Q:木越さん、感染判明の経緯、提訴の経緯を教えてください。
A:8年前の会社の健康診断で、東京で慢性肝炎といわれた。江別に戻って1ヶ月入院した。東京に戻らなくていい、札幌に配置転換といわれた。その半年後に会社を首になった。ゼフィックスをバラクルードに変えた瞬間、肝臓の数値が1000を超えた。そのときに、会社都合でいいからやめてくれと言われた。その後、インターフェロンを読んだ。新聞で裁判のことを知り、8月に提訴しました。
Q:27日の期日を入れた部分の趣旨は?
A:(弁護団)裁判所としても年内解決の可能性はあるという前提で、裁判所の考えも言えるならば言うということだった。
「原告の皆様は、何とか年内というお考えは強いと伺っていますので、来週にでも期日を入れたいと思います。27日だったら裁判所も対応できます。その27日にそれこそ和解に向けての裁判所の考えを提示することも視野に入れた双方の環境整備をなおご尽力いただきたい。」という発言だった。
 私たちは、ただ単純に期日を入れればいいというものではない。4点について検討してきてほしいと言うことを前提で期日を入れた。
Q:今の裁判所の考えとは、所見と言うことか。
A:そういうことを含むと考える。
Q:国側が歩み寄りをしない場合は、所見を示し、一定の解決の方向性を示すと言うことか。
A:あり得ると言うことだと思う。
Q:政治決断がないと年内合意はないという情勢か。
A:そうだ。
Q:明日以降の行動予定は?
A:明日全国の原告が集まり、あさって、クリスマスイブは、12:00官邸前、15:00銀座マリオン前、17:00も官邸前(キャンドル行動)の抗議行動の予定。

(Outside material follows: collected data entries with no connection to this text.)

lemma measurable_nu3: "\<Phi> \<in> borel_measurable borel \<Longrightarrow> \<Phi> \<in> borel_measurable (nu3 g)"
  by (subst measurable_cong_sets[OF sets_nu3 refl]) simp

lemma coord_measurable [measurable]: "coord i \<in> borel_measurable borel"
  unfolding coord_def borel_prod[symmetric] by measurable

lemma nn_integral_nu3:
  assumes [measurable]: "\<Phi> \<in> borel_measurable borel"
  shows "(\<integral>\<^sup>+p. \<Phi> p \<partial>nu3 g) =
    (\<integral>\<^sup>+x. \<integral>\<^sup>+y. ennreal (dirichlet3_density g (x,y)) * \<Phi> (x, y, 1 - x - y) \<partial>lborel \<partial>lborel)"
proof -
  have "(\<integral>\<^sup>+p. \<Phi> p \<partial>nu3 g) =
      (\<integral>\<^sup>+q. ennreal (dirichlet3_density g q) * \<Phi> (fst q, snd q, 1 - fst q - snd q) \<partial>lborel)"
    unfolding nu3_def by (simp add: nn_integral_distr nn_integral_density)
  also have "\<dots> = (\<integral>\<^sup>+q. ennreal (dirichlet3_density g q) *
      \<Phi> (fst q, snd q, 1 - fst q - snd q) \<partial>(lborel \<Otimes>\<^sub>M lborel))"
    by (simp add: lborel_prod)
  also have "\<dots> = (\<integral>\<^sup>+x. \<integral>\<^sup>+y. ennreal (dirichlet3_density g (x,y)) * \<Phi> (x, y, 1 - x - y) \<partial>lborel \<partial>lborel)"
    by (subst lborel.nn_integral_fst[symmetric]) (auto simp: lborel_prod)
  finally show ?thesis .
qed

section \<open>Beta integrals\<close>

lemma Beta_pos: "(a::real) > 0 \<Longrightarrow> b > 0 \<Longrightarrow> Beta a b > 0"
  unfolding Beta_def by (intro divide_pos_pos mult_pos_pos Gamma_real_pos) auto

lemma power_mult_powr: "(y::real) > 0 \<Longrightarrow> y ^ b * y powr c = y powr (real b + c)"
  by (simp add: powr_add powr_realpow)

lemma nn_integral_Beta:
  assumes "a > 0" "b > 0"
  shows "(\<integral>\<^sup>+t. ennreal (indicator {0..1} t * (t powr (a-1) * (1-t) powr (b-1))) \<partial>lborel)
         = ennreal (Beta a b)"
  by (rule nn_integral_has_integral_lebesgue[OF _ has_integral_Beta_real[OF assms]]) simp

lemma nn_integral_Beta_scaled:
  assumes s: "s > 0" and ab: "a > 0" "b > 0"
  shows "(\<integral>\<^sup>+y. ennreal (indicator {0..s} y * (y powr (a-1) * (s-y) powr (b-1))) \<partial>lborel)
         = ennreal (s powr (a+b-1) * Beta a b)"
proof -
  have "(\<integral>\<^sup>+y. ennreal (indicator {0..s} y * (y powr (a-1) * (s-y) powr (b-1))) \<partial>lborel)
     = ennreal \<bar>s\<bar> * (\<integral>\<^sup>+x. ennreal (indicator {0..s} (0 + s*x) *
         ((0 + s*x) powr (a-1) * (s-(0 + s*x)) powr (b-1))) \<partial>lborel)"
    by (rule nn_integral_real_affine) (use s in auto)
  also have "(\<lambda>x. ennreal (indicator {0..s} (0 + s*x) * ((0 + s*x) powr (a-1) * (s-(0 + s*x)) powr (b-1))))
     = (\<lambda>x. ennreal (s powr (a+b-2)) * ennreal (indicator {0..1} x * (x powr (a-1) * (1-x) powr (b-1))))"
  proof
    fix x
    have range: "s*x \<in> {0..s} \<longleftrightarrow> x \<in> {0..1}" using s
      by (auto simp: zero_le_mult_iff mult_le_cancel_left1)
    show "ennreal (indicator {0..s} (0 + s*x) * ((0 + s*x) powr (a-1) * (s-(0 + s*x)) powr (b-1))) =
          ennreal (s powr (a+b-2)) * ennreal (indicator {0..1} x * (x powr (a-1) * (1-x) powr (b-1)))"
    proof (cases "x \<in> {0..1}")
      case True
      have "s - s*x = s * (1-x)" by (simp add: algebra_simps)
      moreover have "s powr (a+b-2) = s powr (a-1) * s powr (b-1)"
        by (simp add: powr_add[symmetric])
      ultimately show ?thesis using True range s
        by (simp add: powr_mult ennreal_mult'[symmetric] mult_ac)
    next
      case False then show ?thesis using range by simp
    qed
  qed
  also have "ennreal \<bar>s\<bar> * (\<integral>\<^sup>+x. ennreal (s powr (a+b-2)) *
        ennreal (indicator {0..1} x * (x powr (a-1) * (1-x) powr (b-1))) \<partial>lborel)
     = ennreal s * (ennreal (s powr (a+b-2)) * ennreal (Beta a b))"
    using s by (simp add: nn_integral_cmult nn_integral_Beta[OF ab])
  also have "\<dots> = ennreal (s powr (a+b-1) * Beta a b)"
  proof -
    have "s powr (a+b-1) = s * s powr (a+b-2)"
      using s powr_add[of s 1 "a+b-2"] by simp
    then show ?thesis using s Beta_pos[OF ab]
      by (simp add: ennreal_mult'[symmetric] ennreal_mult[symmetric] mult.assoc)
  qed
  finally show ?thesis .
qed
(* Let $G$ be a graph with $n$ vertices and a Hamilton cycle $C$, let $k \ge 1$ be a divisor of $n$, and let $s \ge n/k$. Then the subgraph of $\mathcal{R}_s(G,k)$ induced by the canonical $k$-partitions is connected and has diameter at most $k^2+1$.
   Context: A connected $k$-partition of a graph $G$ on $n$ vertices is a partition of $V(G)$ into $k$ nonempty sets (districts) each inducing a connected subgraph. It is a $(k,s)$-BCP (balanced with slack $s \ge 0$) if every district $U$ satisfies $\big||U| - n/k\big| \le s$; $\mathsf{Bal}_s(G,k)$ is the set of $(k,s)$-BCPs. Two distinct $(k,s)$-BCPs $\{V_1,\dots,V_k\}$, $\{W_1,\dots,W_k\}$ are related by a recombination move if there exist $i,j$ and a permutation $\pi$ of $\{1,\dots,k\}$ with $V_i\cup V_j = W_{\pi(i)}\cup W_{\pi(j)}$ and $V_\ell = W_{\pi(\ell)}$ for $\ell\notin\{i,j\}$. $\mathcal{R}_s(G,k)$ is the graph on $\mathsf{Bal}_s(G,k)$ whose edges are recombination moves. Given a Hamilton cycle $C$ of $G$, a partition in $\mathsf{Bal}_s(G,k)$ is canonical if each district consists of consecutive vertices along $C$. *)

theory Defs
  imports Complex_Main
begin

definition simple_graph :: "'a set \<Rightarrow> ('a \<Rightarrow> 'a \<Rightarrow> bool) \<Rightarrow> bool" where
  "simple_graph V E \<longleftrightarrow> finite V \<and> (\<forall>u v. E u v \<longrightarrow> u \<in> V \<and> v \<in> V)
     \<and> (\<forall>u v. E u v \<longrightarrow> E v u) \<and> (\<forall>v. \<not> E v v)"

definition hamilton_cycle :: "'a set \<Rightarrow> ('a \<Rightarrow> 'a \<Rightarrow> bool) \<Rightarrow> 'a list \<Rightarrow> bool" where
  "hamilton_cycle V E C \<longleftrightarrow> distinct C \<and> set C = V \<and> length C \<ge> 3
     \<and> (\<forall>i < length C. E (C ! i) (C ! ((i + 1) mod length C)))"

definition induces_connected :: "('a \<Rightarrow> 'a \<Rightarrow> bool) \<Rightarrow> 'a set \<Rightarrow> bool" where
  "induces_connected E U \<longleftrightarrow>
     (\<forall>u\<in>U. \<forall>v\<in>U. (\<lambda>x y. x \<in> U \<and> y \<in> U \<and> E x y)\<^sup>*\<^sup>* u v)"

definition connected_partition :: "'a set \<Rightarrow> ('a \<Rightarrow> 'a \<Rightarrow> bool) \<Rightarrow> nat \<Rightarrow> 'a set set \<Rightarrow> bool" where
  "connected_partition V E k P \<longleftrightarrow> finite P \<and> card P = k \<and> \<Union>P = V
     \<and> (\<forall>U\<in>P. U \<noteq> {}) \<and> (\<forall>U\<in>P. \<forall>W\<in>P. U \<noteq> W \<longrightarrow> U \<inter> W = {})
     \<and> (\<forall>U\<in>P. induces_connected E U)"

definition Bal :: "'a set \<Rightarrow> ('a \<Rightarrow> 'a \<Rightarrow> bool) \<Rightarrow> real \<Rightarrow> nat \<Rightarrow> 'a set set set" where
  "Bal V E s k = {P. connected_partition V E k P
      \<and> (\<forall>U\<in>P. \<bar>real (card U) - real (card V) / real k\<bar> \<le> s)}"

definition recomb :: "'a set set \<Rightarrow> 'a set set \<Rightarrow> bool" where
  "recomb P Q \<longleftrightarrow> P \<noteq> Q \<and> (\<exists>A\<in>P. \<exists>B\<in>P. \<exists>C\<in>Q. \<exists>D\<in>Q. A \<noteq> B \<and> C \<noteq> D
      \<and> A \<union> B = C \<union> D \<and> P - {A, B} = Q - {C, D})"

definition R_edge :: "'a set \<Rightarrow> ('a \<Rightarrow> 'a \<Rightarrow> bool) \<Rightarrow> real \<Rightarrow> nat \<Rightarrow> 'a set set \<Rightarrow> 'a set set \<Rightarrow> bool" where
  "R_edge V E s k P Q \<longleftrightarrow> P \<in> Bal V E s k \<and> Q \<in> Bal V E s k \<and> recomb P Q"
lemma F'_uhat:
  assumes "fst h = 0"
  shows "fst (snd (fst (F' h))) = JT u v0 (D\<zeta> h)"
proof -
  define D2 where "D2 i = frechet_derivative (\<lambda>v. frechet_derivative u (at v) (axis i 1)) (at v0)" for i
  have [derivative_intros]: "((\<lambda>q. frechet_derivative u (at (fst q)) (axis i 1)) has_derivative
      (\<lambda>h. D2 i (fst h))) (at p0)" for i
    unfolding D2_def using surface_chart_partial_has_derivative[OF chart_u v0]
    by (intro has_derivative_compose_fst) (simp add: p0_def)
  have "linear (D2 i)" for i
    using surface_chart_partial_has_derivative[OF chart_u v0] has_derivative_linear unfolding D2_def by blast
  hence D2_0: "D2 i (fst h) = 0" for i using assms linear_0 by metis
  have der: "((\<lambda>q. fst (snd (fst (CI_chart u b q)))) has_derivative
     (\<lambda>h. (D2 1 (fst h) \<bullet> covector u b p0 + frechet_derivative u (at v0) (axis 1 1) \<bullet> D\<zeta> h) *\<^sub>R axis 1 1
         + (D2 2 (fst h) \<bullet> covector u b p0 + frechet_derivative u (at v0) (axis 2 1) \<bullet> D\<zeta> h) *\<^sub>R axis 2 1))
     (at p0)"
    unfolding CI_chart_def fst_conv snd_conv JT_expand
    by (rule derivative_eq_intros covector_derivative refl | simp add: p0_def)+
       (simp add: fun_eq_iff add.commute)
  have "bounded_linear (\<lambda>P. fst (snd (fst P)))" by (intro bounded_linear_intros)
  from F'_component[OF this der] show ?thesis using D2_0 by (simp add: JT_expand)
qed

lemma F'_\<beta>hat:
  assumes "fst (snd h) = 0"
  shows "fst (snd (snd (fst (F' h)))) = fst (snd (snd h)) *\<^sub>R JT b w0 r0 + lam0 *\<^sub>R JT b w0 (Dchord h)"
proof -
  define D2 where "D2 i = frechet_derivative (\<lambda>w. frechet_derivative b (at w) (axis i 1)) (at w0)" for i
  have [derivative_intros]: "((\<lambda>q. frechet_derivative b (at (fst (snd q))) (axis i 1)) has_derivative
      (\<lambda>h. D2 i (fst (snd h)))) (at p0)" for i
    unfolding D2_def using surface_chart_partial_has_derivative[OF chart_b w0]
    by (intro has_derivative_compose_fst_snd) (simp add: p0_def)
  have "linear (D2 i)" for i
    using surface_chart_partial_has_derivative[OF chart_b w0] has_derivative_linear unfolding D2_def by blast
  hence D2_0: "D2 i (fst (snd h)) = 0" for i using assms linear_0 by metis
  have der: "((\<lambda>q. fst (snd (snd (fst (CI_chart u b q))))) has_derivative
     (\<lambda>h. fst (snd (snd h)) *\<^sub>R JT b w0 r0 + lam0 *\<^sub>R
       ((D2 1 (fst (snd h)) \<bullet> r0 + frechet_derivative b (at w0) (axis 1 1) \<bullet> Dchord h) *\<^sub>R axis 1 1
      + (D2 2 (fst (snd h)) \<bullet> r0 + frechet_derivative b (at w0) (axis 2 1) \<bullet> Dchord h) *\<^sub>R axis 2 1)))
     (at p0)"
    unfolding CI_chart_def fst_conv snd_conv JT_expand[of b]
    by (rule derivative_eq_intros chord_derivative refl | simp add: p0_def)+
       (simp add: chord_p0 JT_expand fun_eq_iff algebra_simps)
  have "bounded_linear (\<lambda>P. fst (snd (snd (fst P))))" by (intro bounded_linear_intros)
  from F'_component[OF this der] show ?thesis using D2_0 by (simp add: JT_expand)
qed

lemma Db_range: "range Db = {y. \<beta> \<bullet> y = 0}"
  unfolding Db_def \<beta>_def using sphere_chart_derivative_range[OF chart_b w0] .

lemma JT_b_eq_0_imp_eq_0:
  assumes "JT b w0 y = 0" "\<beta> \<bullet> y = 0"
  shows "y = 0"
proof -
  obtain k where "y = Db k" using assms(2) Db_range by blast
  thus ?thesis using JT_eq_0_imp_orthogonal[OF Db_derivative assms(1), of k] by simp
qed

definition \<beta>_perp :: "real^3" where
  "\<beta>_perp = \<beta> - \<kappa>0 *\<^sub>R r0"

lemma \<zeta>0_eq: "\<zeta>0 = - lam0 *\<^sub>R \<beta>_perp"
  unfolding \<zeta>0_def \<beta>_perp_def by simp

lemma r0_inner_\<beta>_perp: "r0 \<bullet> \<beta>_perp = 0"
  unfolding \<beta>_perp_def \<kappa>0_def using r0_inner_\<beta> r0_inner_self \<rho>_pos
  by (simp add: inner_diff_right power2_eq_square)

lemma \<beta>_inner_\<beta>_perp: "\<beta> \<bullet> \<beta>_perp = 1 - c\<^sup>2"
  unfolding \<beta>_perp_def \<kappa>0_def using r0_inner_\<beta> \<rho>_pos \<beta>_inner_self
  by (simp add: inner_diff_right inner_commute power2_eq_square)

lemma \<beta>_perp_nonzero: "\<beta>_perp \<noteq> 0"
  using \<beta>_inner_\<beta>_perp c_square_less_1 by auto

lemma JT_u_\<zeta>0_nonzero: "JT u v0 \<zeta>0 \<noteq> 0"
proof
  assume "JT u v0 \<zeta>0 = 0"
  hence perp: "frechet_derivative u (at v0) h \<bullet> \<zeta>0 = 0" for h
    using JT_eq_0_imp_orthogonal[OF Du_derivative] by (simp add: Du_def)
  have "\<zeta>0 \<noteq> 0" using \<zeta>0_eq \<beta>_perp_nonzero lam0 by simp
  hence "accessible S z0 \<zeta>0" using tuy z0 unfolding tuy_condition_def by blast
  moreover have "u v0 \<in> hyperplane_H z0 \<zeta>0 \<inter> S"
    using u_in_S[OF v0] r0_inner_\<beta>_perp unfolding hyperplane_H_def \<zeta>0_eq r0_def
    by (simp add: inner_diff_left inner_commute)
  ultimately obtain t where "t \<in> tangent_vectors S (u v0)" "\<zeta>0 \<bullet> t \<noteq> 0"
    unfolding accessible_def by blast
  thus False using surface_chart_tangent_vectors_orthogonal[OF chart_u v0 perp] by blast
qed

lemma fst_F'_eq_0_imp_eq_0:
  assumes "fst (F' h) = 0"
  shows "h = 0"
proof -
  obtain dv dw dl dz where h: "h = (dv, dw, dl, dz)" by (cases h) auto
  have F'0: "fst (fst (F' h)) = 0" "fst (snd (fst (F' h))) = 0" "fst (snd (snd (fst (F' h)))) = 0"
    "snd (snd (snd (fst (F' h)))) = 0"
    using assms by (simp_all add: prod_eq_iff)
  have base: "fst h = 0 \<and> fst (snd h) = 0 \<and> D\<phi> h = 0"
    using F'0(1) F'_base[of h] by (simp add: zero_prod_def)
  hence dv: "dv = 0" and dw: "dw = 0" by (simp_all add: h)
  have \<phi>: "D\<phi> h = 0" using base by blast
  have uhat: "JT u v0 (D\<zeta> h) = 0" using F'0(2) F'_uhat[of h] by (simp add: h dv)
  have \<beta>hat: "dl *\<^sub>R JT b w0 r0 + lam0 *\<^sub>R JT b w0 (Dchord h) = 0"
    using F'0(3) F'_\<beta>hat[of h] by (simp add: h dw)
  have \<phi>hat: "D\<phi>hat h = 0" using F'0(4) F'_\<phi>hat[of h] by simp
  have Dchord: "Dchord h = dz" unfolding Dchord_def h dv by (simp add: linear_0[OF linear_Du])
  have cos: "Dcos h = 0" using \<phi> s_pos unfolding D\<phi>_def by simp
  hence "Dchord h \<bullet> \<beta> + r0 \<bullet> Db (fst (snd h)) - c * Dnorm h = 0" unfolding Dcos_def using \<rho>_pos by simp
  hence dz_\<beta>: "dz \<bullet> \<beta> = c * Dnorm h" unfolding Dchord by (simp add: h dw linear_0[OF linear_Db])
  have "s * (dl * \<rho> + lam0 * Dnorm h) = 0"
    using \<phi>hat \<phi> unfolding D\<phi>hat_def h by (simp add: algebra_simps)
  hence dl_Dnorm: "dl * \<rho> + lam0 * Dnorm h = 0" using s_pos by simp
  text \<open>\<open>\<beta>hat = 0\<close> and \<open>\<phi> = \<phi>hat = 0\<close> force \<open>y = 0\<close>, i.e. \<open>dz\<close> is radial; then \<open>D\<zeta> h\<close> is a
    multiple of \<open>\<zeta>0\<close> and \<open>uhat = 0\<close> forces \<open>dl = 0\<close>.\<close>
  define y where "y = dl *\<^sub>R r0 + lam0 *\<^sub>R dz"
  have JT_y: "JT b w0 y = 0"
    unfolding y_def using \<beta>hat Dchord linear_JT by (simp add: linear_add linear_scale)
  have "\<beta> \<bullet> y = c * (dl * \<rho> + lam0 * Dnorm h)"
    unfolding y_def using r0_inner_\<beta> dz_\<beta> by (simp add: inner_add_right inner_commute algebra_simps)
  hence "y = 0" using JT_b_eq_0_imp_eq_0[OF JT_y] dl_Dnorm by simp
  hence "lam0 *\<^sub>R dz = - (dl *\<^sub>R r0)" unfolding y_def by (simp add: add_eq_0_iff2 add.commute)
  hence "(1 / lam0) *\<^sub>R (lam0 *\<^sub>R dz) = (- dl / lam0) *\<^sub>R r0" by simp
  hence dz: "dz = (- dl / lam0) *\<^sub>R r0" using lam0 by simp
  have Dnorm: "Dnorm h = (- dl / lam0) * \<rho>"
    unfolding Dnorm_def Dchord dz using \<rho>_pos r0_inner_self by (simp add: power2_eq_square)
  have D\<kappa>: "D\<kappa> h = \<kappa>0 * dl / lam0"
    unfolding D\<kappa>_def cos Dnorm using \<rho>_pos lam0 by (simp add: field_simps)
  have "D\<zeta> h = - dl *\<^sub>R \<beta>_perp + (lam0 * D\<kappa> h) *\<^sub>R r0 + (lam0 * \<kappa>0) *\<^sub>R dz"
    unfolding D\<zeta>_def \<beta>_perp_def Dchord by (simp add: h dw linear_0[OF linear_Db] algebra_simps)
  also have "\<dots> = (dl / lam0) *\<^sub>R \<zeta>0"
    unfolding D\<kappa> dz \<zeta>0_eq using lam0 by (simp add: field_simps)
  finally have "(dl / lam0) *\<^sub>R JT u v0 \<zeta>0 = 0"
    using uhat linear_JT by (simp add: linear_scale)
  hence "dl = 0" using JT_u_\<zeta>0_nonzero lam0 by simp
  thus ?thesis using h dv dw dz by (simp add: zero_prod_def)
qed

Q:次回16:30ということだが、30分で進展するのか。
A:エンドは区切っていない。17:00で終わりということではない。

佐藤弁護団
 国も、早期に和解をしたいということで和解協議がもたれているが、2度、3度と空転している。国が、裁判所を通じて、この問題の解決水準を切り下げようと考えているのであれば、言語道断といわざるを得ない。裁判所としても、そのような立場で和解を進めてもらっては困る。
 国はいろんな情報をマスコミの皆さんに流しているようだが、私たちは、和解の場で提案を受けていない。被害者が受けた被害に見合う解決が何なのか、その合意形成が必要だと思っている。しかし、国が、提案をなぜ公にできないのか、疑問だ。私たちの求めている解決水準が社会的に相当なものかが議論の場にでることが大事なので、4点の検討を求め、それを議論する場として27日の期日を受けた。
 和解協議は、社会的に相当な解決水準が何か、議論できる場であってほしいし、裁判所にはうまく仕切ってほしい。